This case shows the representative evolution and management of a burned patient treated with Nexobrid ®. The results of this case regarding time until epithelization, avoidance of skin grafting, and time until complete debridement are similar to the ones exposed by other authors,[1],[4],[5],[6] notwithstanding, no case report article has been published till date focusing on the explanation of the management algorithm. Despite the existence of many emerging protocols and guidelines,[2],[3] no consensus has been reached regarding management of the debrided burn bed. This part of our protocol has been modified many times, adapting the dressings utilized according to our experience and the actualizations of national and international consensus.[2],[3] At present, and according to these guidelines and our experience with 52 patients treated with Nexobrid ®, the protocol we apply is as follows:

First, deepness of debrided burn beds is assessed, following the guidelines provided in the work of Krieger et al.[4]

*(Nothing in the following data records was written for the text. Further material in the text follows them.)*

lemma red_contr_eq_image:
  assumes "W \<subseteq> {1..2*k+1}"
  shows "red k (contr k W) = strip_to_grid k ` (W - {k+1})"
proof (rule set_eqI)
  fix p :: "nat \<times> nat"
  obtain r c where p: "p = (r, c)" by force
  have image_side: "p \<in> strip_to_grid k ` (W - {k+1}) \<longleftrightarrow> p \<in> grid k \<and> grid_to_strip k p \<in> W - {k+1}"
    by (rule mem_strip_to_grid_image) (use assms in blast)
  have red_side: "p \<in> red k (contr k W) \<longleftrightarrow>
      c \<in> {1..k} \<and> (r = 1 \<and> c \<in> contr k W \<or> r = 2 \<and> 2*k+1-c \<in> contr k W)"
    unfolding p red_def by auto
  have top: "c \<in> contr k W \<longleftrightarrow> c \<in> W" if "c \<in> {1..k}"
    using that unfolding contr_def by auto
  have bottom: "2*k+1-c \<in> contr k W \<longleftrightarrow> 2*k+2-c \<in> W" if "c \<in> {1..k}"
  proof -
    have "2*k+1-c \<in> contr k W \<longleftrightarrow> (\<exists>j. 2*k+1-c = j - 1 \<and> j \<in> W \<and> k + 2 \<le> j)"
      using that unfolding contr_def by auto
    also have "\<dots> \<longleftrightarrow> 2*k+2-c \<in> W"
    proof
      assume "\<exists>j. 2*k+1-c = j - 1 \<and> j \<in> W \<and> k + 2 \<le> j"
      then obtain j where "2*k+1-c = j - 1" "j \<in> W" "k + 2 \<le> j" by blast
      moreover from this have "j = 2*k+2-c" using that by auto
      ultimately show "2*k+2-c \<in> W" by simp
    next
      assume "2*k+2-c \<in> W"
      then show "\<exists>j. 2*k+1-c = j - 1 \<and> j \<in> W \<and> k + 2 \<le> j"
        using that by (intro exI[of _ "2*k+2-c"]) auto
    qed
    finally show ?thesis .
  qed
  show "p \<in> red k (contr k W) \<longleftrightarrow> p \<in> strip_to_grid k ` (W - {k+1})"
    unfolding image_side red_side using top bottom
    by (auto simp: p grid_def grid_to_strip_def)
qed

In cases of third-degree and deep second-degree burns without enough dermic remnants for a spontaneous epithelization in 21–28 days, cures with hydrocolloids are performed every 48 h. These patients are scheduled for grafting after 4–5 days, to achieve wound bed stabilization and disappearance of product remains, which could interfere with graft take.[2],[3],[6],[7],[8] A decrease in graft taking has been described when early grafting is performed over burns debrided with Nexobrid ®.[4]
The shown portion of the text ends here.